Best case example: A folder with only 50 files in 20 versions can still be listed in a single API call.

So it is important to have a good and well integrated purge algorithm, probably using a combination of days and number of versions like OneDrive, Google Drive etc.

ncw · January 18, 2023, 12:46pm

The answer is not very often. This is slow on a lot of backends, but it is used in places (eg when using a --files-from list) and when operating on a single file.

he directory listings will become longer by the number of backup files which may be very large so that could be a downside.

This would need a purge algorithm definitely - this could be implemented as a backend command with some parameters like - "keep the last 3 backups" and/or "delete any backups older than 1 month".

asdffdsa · January 18, 2023, 2:04pm

just as there is rclonebrowser, there is a need for rclonebackup.
not sure the need for go, as python would be fine and i could make some contributions.

restic?

jwink3101 · January 18, 2023, 2:26pm

I am no stranger to making Python tools that wrap rclone (lfsrclone , PyFiSync, syncrclone, rirb [reverse incremental rclone backup]), the latter of which is a backup tool.

The problem with this kind of backend in Python is that you can’t batch up transfers since the names will always change.

Every transfer has to be its own rclone copyto src:file.ext dst:file.ext.<date> which means that rclone has to do a lot of redundant work.

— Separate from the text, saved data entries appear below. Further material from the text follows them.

lemma degrees_saturated_if_sum_large:
  fixes d :: "'a \<Rightarrow> nat"
  assumes "finite e" "card e = k"
    and le: "\<forall>v\<in>e. d v \<le> k + 1" and M: "\<forall>v\<in>e. (k - 1) * d v \<le> M"
    and large: "M + k < (\<Sum>v\<in>e. d v)"
  shows "(\<forall>v\<in>e. d v = k + 1) \<and> k^2 \<le> M + 1"
proof -
  have "(k - 1) * (M + k + 1) \<le> (k - 1) * (\<Sum>v\<in>e. d v)"
    using large by (intro mult_le_mono2) simp
  also have "\<dots> = (\<Sum>v\<in>e. (k - 1) * d v)" by (simp add: sum_distrib_left)
  also have "\<dots> \<le> k * M" using sum_mono[of e _ "\<lambda>_. M"] M assms(2) by simp
  finally have "(k - 1) * (M + k + 1) \<le> k * M" .
  then have Mk: "k^2 \<le> M + 1"
    by (cases k) (auto simp: power2_eq_square algebra_simps)
  have "\<forall>v\<in>e. d v = k + 1"
  proof (rule ccontr)
    assume "\<not> ?thesis"
    then have "(\<Sum>v\<in>e. d v) < (\<Sum>v\<in>e. k + 1)"
      using le sum_strict_mono_ex1[OF \<open>finite e\<close>, of d "\<lambda>_. k + 1"] by fastforce
    then show False using large Mk assms(2) by (simp add: power2_eq_square algebra_simps)
  qed
  with Mk show ?thesis by blast
qed
text \<open>The step function under \<open>v \<mapsto> r(N(v))\<close>: on \<open>[radius (i+2), radius (i+1))\<close> the covering
  number is at least \<open>net_size (i+1)\<close>, and below \<open>radius (K+2)\<close> it is at least \<open>1\<close>.\<close>
lemma step_function_le_r_covering:
  "(\<Sum>i\<le>K. ennreal (r (net_size (Suc i))) * indicator {radius (Suc (Suc i))..<radius (Suc i)} v)
     + ennreal (r 1) * indicator {0<..<radius (Suc (Suc K))} v
   \<le> indicator {0<..<radius 1} v * r_covering r T d v"
proof (cases "\<exists>i\<le>K. v \<in> {radius (Suc (Suc i))..<radius (Suc i)}")
  case True
  then obtain i where i: "i \<le> K" "v \<in> {radius (Suc (Suc i))..<radius (Suc i)}" by blast
  have others: "indicator {radius (Suc (Suc i'))..<radius (Suc i')} v = (0::ennreal)"
    if "i' \<noteq> i" for i'
  proof (cases "i' < i")
    case True
    then have "radius (Suc i) \<le> radius (Suc (Suc i'))" by (intro radius_antimono) auto
    then show ?thesis using i by auto
  next
    case False
    then have "radius (Suc i') \<le> radius (Suc (Suc i))" using that by (intro radius_antimono) auto
    then show ?thesis using i by auto
  qed
  have "(\<Sum>i'\<le>K. ennreal (r (net_size (Suc i'))) * indicator {radius (Suc (Suc i'))..<radius (Suc i')} v)
      = ennreal (r (net_size (Suc i)))"
    using i others by (subst sum.remove[of _ i]) (auto intro!: sum.neutral)
  moreover have "indicator {0<..<radius (Suc (Suc K))} v = (0::ennreal)"
    using i radius_antimono[of "Suc (Suc i)" "Suc (Suc K)"] by auto
  moreover have "indicator {0<..<radius 1} v = (1::ennreal)"
    using i radius_pos[of "Suc (Suc i)"] radius_antimono[of 1 "Suc i"] by auto
  moreover have "ennreal (r (net_size (Suc i))) \<le> r_covering r T d v"
    using i net_size_ge_1[of "Suc i"] covering_number_radius[of "Suc i"]
      covering_number_antimono[of v "radius (Suc i)" T d]
    by (intro r_covering_ge[OF r_mono]) auto
  ultimately show ?thesis by simp
next
  case False
  then have "(\<Sum>i\<le>K. ennreal (r (net_size (Suc i))) * indicator {radius (Suc (Suc i))..<radius (Suc i)} v) = 0"
    by (intro sum.neutral) auto
  moreover have "ennreal (r 1) \<le> r_covering r T d v"
    using r_covering_ge[OF r_mono, of 1 T d v] covering_number_ge_1[OF T_ne, of d v]
    by (simp add: one_enat_def)
  moreover have "v < radius (Suc (Suc K)) \<Longrightarrow> v < radius 1"
    using radius_antimono[of 1 "Suc (Suc K)"] by auto
  ultimately show ?thesis by (auto split: split_indicator)
qed
lemma sum_mult_mod_coprime:
  fixes p :: int and q :: nat
  assumes "coprime (int q) p"
  shows "(\<Sum>n=1..q. real_of_int ((int n * p) mod int q)) = real q * (real q - 1) / 2"
proof -
  have "{1..<int q} = int ` {1..<q}"
    using image_int_atLeastLessThan[of 1 q] by simp
  then have reindex: "(\<Sum>m=1..<int q. h m) = (\<Sum>n=1..<q. h (int n))" for h :: "int \<Rightarrow> real"
    by (simp add: sum.reindex)
  have "(\<Sum>n=1..q. real_of_int ((int n * p) mod int q)) =
      (\<Sum>n=1..<q. real_of_int ((int n * p) mod int q))"
  proof (cases "q = 0")
    case False
    then have "{1..q} = insert q {1..<q}"
      by auto
    then show ?thesis
      by simp
  qed simp
  also have "\<dots> = (\<Sum>m=1..<int q. real_of_int ((p * m) mod int q))"
    by (simp add: reindex mult.commute)
  also have "\<dots> = (\<Sum>m=1..<int q. real_of_int m)"
    using assms
    by (intro sum.reindex_bij_betw bij_betw_int_remainders_mult) (simp add: coprime_commute)
  also have "\<dots> = (\<Sum>n=1..<q. real n)"
    by (simp add: reindex)
  also have "\<dots> = real q * (real q - 1) / 2"
    by (induction q) (auto simp: field_simps sum.atLeastLessThan_Suc)
  finally show ?thesis .
qed

lemma sum_dvd_indicator:
  fixes q :: nat
  assumes "0 < q"
  shows "(\<Sum>n=1..q. if q dvd n then 1 else 0 :: real) = 1"
proof -
  have "{1..q} \<inter> {n. q dvd n} = {q}"
    using assms by (auto dest: dvd_imp_le)
  then show ?thesis
    by (simp add: sum.If_cases)
qed

lemma integral_sawtooth: "integral {0..1} (\<lambda>x::real. frac x - 1/2) = 0"
proof -
  have "((\<lambda>x::real. x^2/2 - x/2) has_vector_derivative (x - 1/2)) (at x within {0..1})" for x
    by (auto intro!: derivative_eq_intros
        simp: has_real_derivative_iff_has_vector_derivative[symmetric])
  then have "((\<lambda>x::real. x - 1/2) has_integral 0) {0..1}"
    using fundamental_theorem_of_calculus[of 0 1 "\<lambda>x::real. x^2/2 - x/2" "\<lambda>x. x - 1/2"] by simp
  then have "((\<lambda>x::real. frac x - 1/2) has_integral 0) {0..1}"
    by (rule has_integral_spike_finite[where S = "{1}", rotated 2]) (auto simp: frac_eq)
  then show ?thesis
    by (rule integral_unique)
qed

lemma frac_residue_plus_small:
  fixes q :: nat and m r :: int and t :: real
  assumes "0 \<le> r" and "r < int q" and "\<bar>t\<bar> < 1" and "r = 0 \<Longrightarrow> t \<noteq> 0"
  shows "frac (m + (r + t) / q) = (r + t) / q + (if r = 0 \<and> t < 0 then 1 else 0)"
proof -
  define c :: real where "c = (if r = 0 \<and> t < 0 then 1 else 0)"
  have "1 \<le> real q"
    using assms(1,2) by linarith
  have "0 \<le> r + t + c * q \<and> r + t + c * q < q"
  proof (cases "r = 0")
    case True
    with assms(3,4) \<open>1 \<le> real q\<close> show ?thesis
      by (auto simp: c_def abs_less_iff)
  next
    case False
    with assms(1,2) have "1 \<le> real_of_int r" and "real_of_int r \<le> real q - 1"
      by linarith+
    with assms(3) False show ?thesis
      by (auto simp: c_def abs_less_iff)
  qed
  then have "0 \<le> (r + t) / q + c" and "(r + t) / q + c < 1"
    using \<open>1 \<le> real q\<close> by (simp_all add: field_simps)
  moreover have "m + (r + t) / q - ((r + t) / q + c) \<in> \<int>"
    by (simp add: c_def)
  ultimately show ?thesis
    unfolding frac_unique_iff c_def by simp
qed

lemma frac_mult_near_rational:
  fixes q n :: nat and p :: int and \<alpha> \<delta> :: real
  assumes "0 < q" and "coprime (int q) p" and "real q * \<alpha> = p + \<delta>" and "\<delta> \<noteq> 0"
    and "1 \<le> n" and "real n * \<bar>\<delta>\<bar> < 1"
  shows "frac (real n * \<alpha>) =
    (real_of_int ((int n * p) mod int q) + real n * \<delta>) / q + (if q dvd n \<and> \<delta> < 0 then 1 else 0)"
proof -
  define r where "r = (int n * p) mod int q"
  define m where "m = (int n * p) div int q"
  have "int n * p = int q * m + r"
    by (simp add: m_def r_def)
  then have "real n * p = real q * m + r"
    by (metis of_int_add of_int_mult of_int_of_nat_eq)
  have "real n * \<alpha> = real n * (p + \<delta>) / q"
    using assms(1) by (simp add: assms(3)[symmetric])
  also have "\<dots> = (real q * m + r + real n * \<delta>) / q"
    by (simp add: distrib_left \<open>real n * p = real q * m + r\<close>)
  also have "\<dots> = m + (r + real n * \<delta>) / q"
    using assms(1) by (simp add: field_simps)
  finally have "real n * \<alpha> = m + (r + real n * \<delta>) / q" .
  then have "frac (real n * \<alpha>) = (r + real n * \<delta>) / q + (if r = 0 \<and> real n * \<delta> < 0 then 1 else 0)"
    using assms(1,4-6) by (simp only:) (intro frac_residue_plus_small; simp add: r_def abs_mult)
  moreover have "r = 0 \<longleftrightarrow> q dvd n"
    using assms(2) by (simp add: r_def mod_eq_0_iff_dvd coprime_dvd_mult_left_iff)
  moreover have "real n * \<delta> < 0 \<longleftrightarrow> \<delta> < 0"
    using assms(5) by (simp add: mult_less_0_iff)
  ultimately show ?thesis
    unfolding r_def[symmetric] by simp
qed

lemma sum_frac_mult_near_rational:
  fixes q b :: nat and p :: int and \<alpha> \<delta> :: real
  assumes "0 < q" and "coprime (int q) p" and "real q * \<alpha> = p + \<delta>" and "\<delta> \<noteq> 0"
    and small: "real (b * q) * \<bar>\<delta>\<bar> < 1"
  shows "(\<Sum>n=1..b * q. frac (real n * \<alpha>)) =
    real b * (real q - 1) / 2 + \<delta> * real b * (real b * real q + 1) / 2
      + (if \<delta> < 0 then real b else 0)"
proof -
  define r where "r n = real_of_int ((int n * p) mod int q)" for n
  define c where "c n = (if q dvd n then 1 else 0 :: real)" for n
  define \<epsilon> :: real where "\<epsilon> = (if \<delta> < 0 then 1 else 0)"
  have frac_eq: "frac (real n * \<alpha>) = r n / q + \<delta> / q * real n + \<epsilon> * c n" if "n \<in> {1..b * q}" for n
  proof -
    have "real n \<le> real (b * q)"
      using that of_nat_le_iff atLeastAtMost_iff by blast
    then have "real n * \<bar>\<delta>\<bar> \<le> real (b * q) * \<bar>\<delta>\<bar>"
      by (rule mult_right_mono) simp
    with small that have "real n * \<bar>\<delta>\<bar> < 1"
      by linarith
    with assms(1-4) that show ?thesis
      by (simp add: frac_mult_near_rational r_def c_def \<epsilon>_def add_divide_distrib)
  qed
  have r_periodic: "r (n + q) = r n" for n
    by (simp add: r_def algebra_simps)
  have c_periodic: "c (n + q) = c n" for n
    by (simp add: c_def)
  have "(\<Sum>n=1..b * q. frac (real n * \<alpha>)) = (\<Sum>n=1..b * q. r n / q + \<delta> / q * real n + \<epsilon> * c n)"
    by (rule sum.cong[OF refl frac_eq])
  also have "\<dots> = (\<Sum>n=1..b * q. r n) / q + \<delta> / q * (\<Sum>n=1..b * q. real n) + \<epsilon> * (\<Sum>n=1..b * q. c n)"
    by (simp add: sum.distrib sum_divide_distrib sum_distrib_left)
  also have "(\<Sum>n=1..b * q. r n) = real b * (real q * (real q - 1) / 2)"
    using sum_periodic_blocks[of r q b, OF r_periodic] sum_mult_mod_coprime[OF assms(2)]
    by (simp add: r_def)
  also have "(\<Sum>n=1..b * q. c n) = real b"
    using sum_periodic_blocks[of c q b, OF c_periodic] sum_dvd_indicator[OF assms(1)]
    by (simp add: c_def)
  also have "(\<Sum>n=1..b * q. real n) = real b * real q * (real b * real q + 1) / 2"
    using double_gauss_sum_from_Suc_0[of "b * q", where 'a = real] by simp
  also have "real b * (real q * (real q - 1) / 2) / real q
      + \<delta> / real q * (real b * real q * (real b * real q + 1) / 2) + \<epsilon> * real b
      = real b * (real q - 1) / 2 + \<delta> * real b * (real b * real q + 1) / 2 + \<epsilon> * real b"
    using assms(1) by (simp add: field_simps)
  finally show ?thesis
    by (simp add: \<epsilon>_def)
qed

lemma S_sum_sawtooth_near_rational:
  fixes q b :: nat and p :: int and \<alpha> \<delta> :: real
  assumes "0 < q" and "coprime (int q) p" and "real q * \<alpha> = p + \<delta>" and "\<delta> \<noteq> 0"
    and "real (b * q) * \<bar>\<delta>\<bar> < 1"
  shows "S_sum (b * q) (\<lambda>x. frac x - 1/2) \<alpha> =
    \<delta> * real b * (real b * real q + 1) / 2 - sgn \<delta> * real b / 2"
proof -
  have "S_sum (b * q) (\<lambda>x. frac x - 1/2) \<alpha> = (\<Sum>n=1..b * q. frac (real n * \<alpha>)) - real b * real q / 2"
    by (simp add: S_sum_def integral_sawtooth sum_subtractf)
  also have "\<dots> = real b * (real q - 1) / 2 + \<delta> * real b * (real b * real q + 1) / 2
      + (if \<delta> < 0 then real b else 0) - real b * real q / 2"
    by (simp only: sum_frac_mult_near_rational[OF assms])
  also have "\<dots> = \<delta> * real b * (real b * real q + 1) / 2 - sgn \<delta> * real b / 2"
    using assms(4) by (simp add: sgn_if field_simps)
  finally show ?thesis .
qed
lemma complexity_arithmetic:
  fixes Q \<epsilon> K :: real
  assumes Q: "Q \<ge> 2" and \<epsilon>: "0 < \<epsilon>" "\<epsilon> < 1" and K5: "K \<ge> 5"
    and K: "K \<ge> ((20 * (4 * Q) / (3 * \<epsilon>)) * ln (20 * (4 * Q) / (3 * \<epsilon>))) powr (10/3)"
  shows "Q * (1 + ln (K + 1)) * (K + 2) powr (7/10) / K \<le> \<epsilon>"
proof -
  define c where "c = 20 * (4 * Q) / (3 * \<epsilon>)"
  have c3: "c \<ge> 3"
  proof -
    have "3 * (3 * \<epsilon>) \<le> 20 * (4 * Q)" using Q \<epsilon> by simp
    then show ?thesis unfolding c_def using \<epsilon> by (simp add: field_simps)
  qed
  have Kp: "K > 0" using K5 by simp
  have clc: "c * ln c \<ge> 0" using c3 by simp
  define y where "y = K powr (3/10)"
  have yp: "y > 0" unfolding y_def using Kp by simp
  have "y \<ge> ((c * ln c) powr (10/3)) powr (3/10)"
    unfolding y_def using K clc by (intro powr_mono2) (auto simp: c_def)
  then have yc: "y \<ge> c * ln c"
    using clc by (simp add: powr_powr)
  have "ln K / y = 10/3 * (ln y / y)"
    unfolding y_def using Kp by (simp add: ln_powr)
  also have "\<dots> \<le> 10/3 * (2 / c)"
    using ln_le_of_ge_mul_ln[OF c3 yc] yp by (intro mult_left_mono) (auto simp: field_simps)
  also have "\<dots> = \<epsilon> / (4 * Q)" unfolding c_def using Q \<epsilon> by (simp add: field_simps)
  finally have lnK: "ln K / y \<le> \<epsilon> / (4 * Q)" .
  have Ky: "K powr (7/10) / K = 1 / y"
  proof -
    have "K = K powr (7/10) * K powr (3/10)" using Kp by (simp add: powr_add[symmetric])
    then show ?thesis unfolding y_def using Kp by (metis divide_divide_eq_right div_by_1 divide_self_if
        nonzero_mult_div_cancel_left powr_gt_zero less_irrefl)
  qed
  have "Q * (1 + ln (K + 1)) * (K + 2) powr (7/10) / K \<le> Q * (2 * ln K) * (7/5 * K powr (7/10)) / K"
    using one_plus_ln_Suc_le[OF K5] powr_seven_tenths_add2_le[OF K5] Q Kp K5
    by (intro divide_right_mono mult_mono mult_left_mono) auto
  also have "\<dots> = 14/5 * Q * (ln K * (K powr (7/10) / K))" by simp
  also have "\<dots> = 14/5 * Q * (ln K / y)" by (simp add: Ky)
  also have "\<dots> \<le> 14/5 * Q * (\<epsilon> / (4 * Q))" using lnK Q by (intro mult_left_mono) auto
  also have "\<dots> \<le> \<epsilon>" using Q \<epsilon> by (simp add: field_simps)
  finally show ?thesis .
qed

section \<open>The error recursion\<close>

locale sfom_analysis = iid_sequence M D \<xi> + unbiased_oracle D G g \<sigma>
  for M :: "'w measure" and D :: "'b measure" and \<xi> :: "nat \<Rightarrow> 'w \<Rightarrow> 'b"
    and G :: "'a::euclidean_space \<Rightarrow> 'b \<Rightarrow> 'a" and g :: "'a \<Rightarrow> 'a" and \<sigma> :: real +
  fixes f :: "'a \<Rightarrow> real" and x0 :: 'a and flow L1 L3 :: real
    and D2 :: "'a \<Rightarrow> 'a \<Rightarrow> 'a \<Rightarrow> real" and D3 :: "'a \<Rightarrow> 'a \<Rightarrow> 'a \<Rightarrow> 'a \<Rightarrow> real"
  assumes f_lower: "\<forall>x. f x \<ge> flow"
    and f_grad: "\<forall>x. (f has_derivative (\<lambda>h. g x \<bullet> h)) (at x)"
    and L1_nonneg: "L1 \<ge> 0" and g_lipschitz: "\<forall>x y. norm (g y - g x) \<le> L1 * norm (y - x)"
    and L3_nonneg: "L3 \<ge> 0"
    and g_deriv: "\<forall>x h1. ((\<lambda>y. g y \<bullet> h1) has_derivative (\<lambda>h2. D2 x h1 h2)) (at x)"
    and D2_deriv: "\<forall>x h1 h2. ((\<lambda>y. D2 y h1 h2) has_derivative (\<lambda>h3. D3 x h1 h2 h3)) (at x)"
    and D3_lipschitz: "\<forall>x y h1 h2 h3. norm h1 \<le> 1 \<longrightarrow> norm h2 \<le> 1 \<longrightarrow> norm h3 \<le> 1 \<longrightarrow>
          D3 y h1 h2 h3 - D3 x h1 h2 h3 \<le> L3 * norm (y - x)"
begin

definition state :: "nat \<Rightarrow> 'w \<Rightarrow> 'a \<times> 'a \<times> 'a" where "state k \<omega> = sfom_state G \<xi> sfom_eta 2 sfom_gamma sfom_theta x0 k \<omega>"
definition iter :: "nat \<Rightarrow> 'w \<Rightarrow> 'a" where "iter k \<omega> = fst (state k \<omega>)"
definition mom :: "nat \<Rightarrow> 'w \<Rightarrow> 'a" where "mom k \<omega> = snd (snd (state (Suc k) \<omega>))"
definition err :: "nat \<Rightarrow> 'w \<Rightarrow> 'a" where "err k \<omega> = mom k \<omega> - g (iter k \<omega>)"
theorem lemma8p3:
  fixes r :: real
  assumes "r > 0"
  shows "\<exists>C>0. \<forall>(\<Omega>::'a::euclidean_space set) (k::nat).
    convex_body \<Omega> \<and> \<Omega> \<subseteq> cball 0 1 \<and> ball 0 r \<subseteq> \<Omega> \<and> k \<ge> 1 \<longrightarrow>
    (\<exists>(m::nat) (\<Delta>::nat \<Rightarrow> 'a set) (f::'a \<Rightarrow> real).
       real m \<le> C * real k \<and>
       (\<forall>i\<in>{1..m}. int DIM('a) simplex \<Delta> i \<and> \<Delta> i \<subseteq> \<Omega>) \<and>
       (\<forall>i\<in>{1..m}. \<forall>j\<in>{1..m}. i \<noteq> j \<longrightarrow> interior (\<Delta> i) \<inter> interior (\<Delta> j) = {}) \<and>
       convex_on \<Omega> f \<and>
       (1 - C * real k powr (-1 / real DIM('a)) > 0 \<longrightarrow>
          (\<lambda>x. (1 - C * real k powr (-1 / real DIM('a))) *\<^sub>R x) ` \<Omega> \<subseteq> (\<Union>i\<in>{1..m}. \<Delta> i)) \<and>
       (\<Union>i\<in>{1..m}. \<Delta> i) \<subseteq> \<Omega> \<and>
       (\<forall>i\<in>{1..m}. \<exists>(v::'a) (b::real). \<forall>x\<in>\<Delta> i. f x = v \<bullet> x + b) \<and>
       (\<forall>x\<in>\<Omega>. \<bar>(norm x)\<^sup>2 - f x\<bar> \<le> C * real k powr (-2 / real DIM('a))) \<and>
       convex_lip_bdd C \<Omega> f)"
proof -
  define C where "C = 5 ^ DIM('a) * fact DIM('a) + 5 * real DIM('a) + 1 + real DIM('a) / r"
  have nonneg: "0 \<le> real DIM('a) / r" "(0::real) \<le> 5 ^ DIM('a) * fact DIM('a)"
    using assms by simp_all
  then have C: "5 ^ DIM('a) * fact DIM('a) \<le> C" "5 * real DIM('a) + 1 \<le> C"
    unfolding C_def by linarith+
  have "C * r = (5 ^ DIM('a) * fact DIM('a) + 5 * real DIM('a) + 1) * r + real DIM('a)"
    unfolding C_def using assms by (simp add: field_simps)
  moreover have "0 < (5 ^ DIM('a) * fact DIM('a) + 5 * real DIM('a) + 1) * r"
    using assms nonneg(2) by (intro mult_pos_pos) linarith+
  ultimately have "real DIM('a) < C * r"
    by linarith
  show ?thesis
  proof (intro exI[of _ C] conjI allI impI, goal_cases)
    case 1
    show ?case
      using C(2) by linarith
  next
    case (2 \<Omega> k)
    then show ?case
      by (intro approximation_for_constant[OF C \<open>real DIM('a) < C * r\<close>]) (auto simp: convex_body_def)
  qed
qed

end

Though you could speed it up with some flags since, by definition, the destination won’t yet exist

As for restic, that is certainly a valid option and has some real benefits over an rclone native versioning backend. But versions are more than just for backups. And whole files, rather than blocks with a database, have some real advantages (and disadvantages). Also, you can version any rclone remote as opposed to a local backup pushed.

Also, can restic now work on immutable storage backends? I seem to recall it being a work in progress but I may be incorrect

jwink3101 · January 18, 2023, 4:05pm

Obviously this is true but we should remember that it would still only keep changed versions. So if you have 100,000 files but only a few are modified, we’re not creating 100,000 files every time.

I think if this were to be implemented (and I recognize it’s a major “if”) the right approach is to make it clear in the docs that this comes with a performance hit related to the number of versions.

And of course, as we both mentioned, a prune command (where we need to be careful to not delete an older file if it is also the latest).

system · March 19, 2023, 4:06pm

This topic was automatically closed 60 days after the last reply. New replies are no longer allowed.